Just off of Highway 84 in Jena, Louisiana there stands a white painted siding house. It’s at the top of a small hill. It has three bedrooms, one bath and an attached garage. Between the garage and the house is a screened-in porch.

A furnace was attached to the house after it burned to a shell and had to be rebuilt in the early 1960s. The owner fashioned a wood-burning furnace and installed a series of air ducts to keep the various rooms in the house warm.

The small bathroom has an open flame space heater. In the winter of 1955 one of the inhabitants of the home stood in front of it to warm himself and his clothing caught on fire, leaving him with burns over 30 percent of his three year old body. Only the quick intervention of his brother, then 12, saved his life. The younger brother would idolize the elder until his death.

He saved his life. Can you really blame him?

The owner of the house was a product of the depression and maintained 50 head of cattle near Catahoula Lake, just a few miles down the highway. He also kept up a two acre garden and a pond stocked with catfish and bream out back. No bank crash would ever leave his family hungry again.

Ever the resourceful one, the owner of the home had a shop out back where he would tinker when not working for the oil company. The shop had every kind of tool you can imagine, catfish traps, trot lines, and other detritus of a life spent in the outdoors living as his ancestors did, although he lived in the modern world.

He worked for Hunt Oil for 39 years, beginning in 1938. He knew H.L. Hunt personally from when he was just a regional operator with absurd dreams of chasing down Standard Oil and John D. Rockefeller. Mr, Hunt trusted him so much he once offered to make him superintendent of one of Hunt’s fields in South Texas.

Excited, he told his father who guilted him into staying close to home. For all of his ability, he lived his life like that more than he was willing to admit. It was a hereditary pattern, unfortunately.

A few years later, he was injured on the job and took a call from Mr. Hunt.

“Milton, you can sue me if you want and get a lot. But I want to make this right without all that. What do you need?”

“Just pay me while I get better and let me keep my job.”

That’s all he asked of one of the wealthiest men in the world. Honor meant something. He was a man, not a charity case. That was another trait he passed on.

He was the kind of man who, at the height of the Depression, would shoot ducks on the lake then take them around to the older folks, along with some groceries from his garden. Social Security wasn’t very far along in those days.

He had made the pilgrimage over dusty backroads from Jena to Baton Rouge to pay his respects at Huey P. Long’s funeral after the Kingfish was assassinated inside the Louisiana State Capitol in 1935. He remained a yellow dog Democrat until the day he died.

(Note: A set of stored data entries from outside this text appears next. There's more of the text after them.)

text \<open>In an m-regular host either a neighbour of c has two neighbours outside N c (hub c), or a
  sparse non-neighbour r of c has two neighbours outside N c and serves as the branching vertex
  of a T2 whose hub is a common neighbour a of r and c.\<close>
lemma regular_T2:
  assumes reg: "\<forall>x\<in>V. card (N x) = m" and c: "c \<in> V"
  shows "contains (V, E) (T2 (m + 3))"
proof (cases "\<forall>a\<in>N c. \<forall>r1\<in>Nc c. \<forall>r2\<in>Nc c. r1 \<in> N a \<longrightarrow> r2 \<in> N a \<longrightarrow> r1 = r2")
  case False
  then obtain a r1 r2 where ar: "a \<in> N c" "r1 \<in> Nc c" "r2 \<in> Nc c" "r1 \<noteq> r2" "r1 \<in> N a" "r2 \<in> N a"
    by blast
  have "N c - {a, r1, r2} = N c - {a}" using ar(2,3) Nc_not_N by auto
  then have "m - 1 \<le> card (N c - {a, r1, r2})"
    using card_Diff_list[of "N c" "[a]"] reg c by simp
  moreover have "distinct [c, a, r1, r2]" using ar Nc_vertices Nc_not_N N_irrefl by auto
  ultimately show ?thesis using contains_T2[OF simple _ ar(1,5,6)] m_ge_5 by simp
next
  case sparse: True
  obtain r where r: "r \<in> Nc c" "card (N r \<inter> N c) \<le> m - 2"
    using regular_sparse_non_neighbour[OF reg c sparse] by blast
  have Nc_c: "card (Nc c) = m" using degree_sum[OF c] reg c by simp
  obtain a where a: "a \<in> N r" "a \<in> N c"
    using common_neighbour[OF r(1)] Nc_c reg Nc_vertices[OF r(1)] by force
  have "N r = (N r \<inter> N c) \<union> (N r \<inter> Nc c)" using N_of_non_neighbour[OF r(1)] by blast
  then have "card (N r) \<le> card (N r \<inter> N c) + card (N r \<inter> Nc c)"
    using card_Un_le[of "N r \<inter> N c" "N r \<inter> Nc c"] by simp
  moreover have "card (N r) = m" using reg Nc_vertices[OF r(1)] by simp
  ultimately have two: "2 \<le> card (N r \<inter> Nc c)" using r(2) m_ge_5 by linarith
  obtain r' where r': "r' \<in> N r" "r' \<in> Nc c"
    using exists_not_in_list[of "[]" "N r \<inter> Nc c"] two by auto
  obtain r'' where r'': "r'' \<in> N r" "r'' \<in> Nc c" "r'' \<noteq> r'"
    using exists_not_in_list[of "[r']" "N r \<inter> Nc c"] two by auto
  have ra: "r \<in> N a" using N_sym[OF a(1)] .
  have outside: "x \<notin> N a" if "x \<in> N r" "x \<in> Nc c" for x
  proof
    assume "x \<in> N a"
    then have "r = x" using sparse a(2) r(1) \<open>x \<in> Nc c\<close> ra by blast
    then show False using \<open>x \<in> N r\<close> N_irrefl by blast
  qed
  have "N a - {r, r', r''} = N a - {r}" using outside r' r'' by auto
  then have "m - 1 \<le> card (N a - {r, r', r''})"
    using card_Diff_list[of "N a" "[r]"] reg N_vertices[OF a(2)] by simp
  moreover have "distinct [a, r, r', r'']" using a r' r'' N_irrefl Nc_not_N by auto
  ultimately show ?thesis
    using contains_T2[OF simple _ ra r'(1) r''(1)] m_ge_5 by simp
qed

lemma min_degree_T1_T2:
  assumes min: "\<forall>x\<in>V. m \<le> card (N x)"
  shows contains_T1_T2
proof (cases "\<exists>c\<in>V. m + 2 \<le> card (N c)")
  case True
  then obtain c where c: "c \<in> V" "m + 2 \<le> card (N c)" by blast
  obtain a where a: "a \<in> N c" using exists_not_in_list[of "[]" "N c"] c(2) by auto
  obtain b where b: "b \<in> N c" "b \<noteq> a" using exists_not_in_list[of "[a]" "N c"] c(2) by auto
  have "m \<le> card (N a)" "m \<le> card (N b)" using min a b(1) N_vertices by blast+
  then show ?thesis using high_degree_T1_T2[OF a b(1) b(2)[symmetric] c(2)] m_ge_5 by simp
next
  case False
  show ?thesis
  proof (cases "\<exists>c\<in>V. card (N c) = m + 1")
    case True
    then show ?thesis using degree_m_plus_1_T1_T2[OF min] by blast
  next
    case False
    then have "\<forall>x\<in>V. card (N x) = m" using min \<open>\<not> (\<exists>c\<in>V. m + 2 \<le> card (N c))\<close> by force
    moreover obtain c where "c \<in> V" using card_V by fastforce
    ultimately show ?thesis using regular_T1 regular_T2 by blast
  qed
qed

lemma Tprime_in_complement:
  assumes "u \<in> Nc v" "w \<in> Nc u" "w \<noteq> v" "m \<le> card (Nc v - {u, w})"
  shows "contains (complement (V, E)) (Tprime (m + 3))"
  using contains_Tprime[OF simple_complement assms(1,2) _ assms(4)]
    Nc_vertices[OF assms(1)] Nc_vertices[OF assms(2)] assms(3) by auto

lemma Tstar_in_complement:
  assumes "u \<in> Nc v" "w \<in> Nc u" "x \<in> Nc w" "w \<noteq> v" "x \<noteq> u" "x \<noteq> v"
    and "m - 1 \<le> card (Nc v - {u, w, x})"
  shows "contains (complement (V, E)) (Tstar (m + 3))"
  using contains_Tstar[OF simple_complement _ assms(1,2,3) _ assms(7)] m_ge_5
    Nc_vertices[OF assms(1)] Nc_vertices[OF assms(2)] Nc_vertices[OF assms(3)] assms(4-6) by auto

text \<open>Minimum degree m - 1: every non-neighbour of v is adjacent to every neighbour w of v,
  otherwise T' appears in the complement; then w has degree at least m + 2.\<close>
lemma no_Tprime_degree_m_minus_1:
  assumes noT: "\<not> contains (complement (V, E)) (Tprime (m + 3))"
    and v: "v \<in> V" "\<forall>y\<in>V. card (N v) \<le> card (N y)" "card (N v) = m - 1"
  shows contains_T1_T2
proof -
  have Nc_v: "card (Nc v) = m + 1" using degree_sum[OF v(1)] v(3) m_ge_5 by simp
  have cross: "w \<in> N u" if u: "u \<in> Nc v" and w: "w \<in> N v" for u w
  proof (rule ccontr)
    assume "w \<notin> N u"
    moreover have "u \<in> V" "w \<in> V" "w \<noteq> u" using Nc_vertices[OF u] N_vertices[OF w] Nc_not_N[OF u] w by auto
    ultimately have wu: "w \<in> Nc u" using not_N_imp_Nc by blast
    have "Nc v - {u, w} = Nc v - {u}" using w Nc_not_N[of w v] by auto
    then have "m \<le> card (Nc v - {u, w})" using Nc_v u finite_Nc[of v] by simp
    then show False using Tprime_in_complement[OF u wu] N_vertices[OF w] noT by blast
  qed
  obtain w where w: "w \<in> N v" using exists_not_in_list[of "[]" "N v"] v(3) m_ge_5 by auto
  have "insert v (Nc v) \<subseteq> N w" using cross w N_sym by blast
  moreover have "card (insert v (Nc v)) = m + 2" using Nc_v finite_Nc[of v] Nc_irrefl[of v] by simp
  ultimately have deg_w: "m + 2 \<le> card (N w)" using card_mono[OF finite_N] by metis
  obtain a where a: "a \<in> Nc v" using exists_not_in_list[of "[]" "Nc v"] Nc_v by auto
  obtain b where b: "b \<in> Nc v" "b \<noteq> a" using exists_not_in_list[of "[a]" "Nc v"] Nc_v m_ge_5 by auto
  have "4 \<le> card (N a)" "4 \<le> card (N b)"
    using v(2,3) Nc_vertices[OF a] Nc_vertices[OF b(1)] m_ge_5 by fastforce+
  then show ?thesis
    using high_degree_T1_T2[OF N_sym[OF cross[OF a w]] N_sym[OF cross[OF b(1) w]] b(2)[symmetric] deg_w] by blast
qed

text \<open>Minimum degree at most m - 2: every non-neighbour u of v is adjacent to all of V - {u, v},
  otherwise T' appears in the complement.\<close>
lemma no_Tprime_small_degree:
  assumes noT: "\<not> contains (complement (V, E)) (Tprime (m + 3))"
    and v: "v \<in> V" "card (N v) \<le> m - 2"
  shows contains_T1_T2
proof -
  have Nc_v: "m + 2 \<le> card (Nc v)" using degree_sum[OF v(1)] v(2) m_ge_5 by linarith
  have dominating: "V - {u, v} \<subseteq> N u" if u: "u \<in> Nc v" for u
  proof
    fix y assume y: "y \<in> V - {u, v}"
    show "y \<in> N u"
    proof (rule ccontr)
      assume "y \<notin> N u"
      then have yu: "y \<in> Nc u" using not_N_imp_Nc Nc_vertices[OF u] y by blast
      have "m \<le> card (Nc v - {u, y})"
        using card_Diff_list[of "Nc v" "[u, y]"] Nc_v by simp
      then show False using Tprime_in_complement[OF u yu] y noT by blast
    qed
  qed
  have deg: "2 * m - 1 \<le> card (N u)" if u: "u \<in> Nc v" for u
    using card_N_ge[of V "[u, v]" u] dominating[OF u] card_V by simp
  obtain c where c: "c \<in> Nc v" using exists_not_in_list[of "[]" "Nc v"] Nc_v by auto
  obtain a where a: "a \<in> Nc v" "a \<noteq> c" using exists_not_in_list[of "[c]" "Nc v"] Nc_v by auto
  obtain b where b: "b \<in> Nc v" "b \<notin> {c, a}" using exists_not_in_list[of "[c, a]" "Nc v"] Nc_v m_ge_5 by auto
  have "a \<in> N c" "b \<in> N c"
    using dominating[OF c] a b Nc_vertices[OF a(1)] Nc_vertices[OF b(1)] by auto
  then show ?thesis
    using high_degree_T1_T2[of a c b] deg[OF c] deg[OF a(1)] deg[OF b(1)] b(2) m_ge_5 by auto
qed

“Republicans don’t care about the poor people,” was his only political criterion. “It’ll take a generation for people to forget what they did to us.”

He was not without his own mischievous side. According to legend, the family had two Great Depressions: the first when the stock market crashed and the second when they repealed prohibition. He and his brother maintained a still out of on the old family place near Catahoula Lake until his brother died and his wife sold the land.

Once, he took his sons and his brother out to one of his hunting camps on the lake. His youngest was the first up the ladder and started getting struck at by whip snakes that had taken up residence in the camp.

The elder men had had a few libations. Being free of their Southern Baptist wives enabled them to sneak some moonshine. Alcohol and decisions don’t always go well together. So they doused the surroundings in gasoline and lit the little makeshift camp on fire.

As the flames engulfed what should have been their temporary abode, the youngest son spoke up.

“Daddy, where we gonna sleep tonight?”

The two slightly inebriated adults looked at each other.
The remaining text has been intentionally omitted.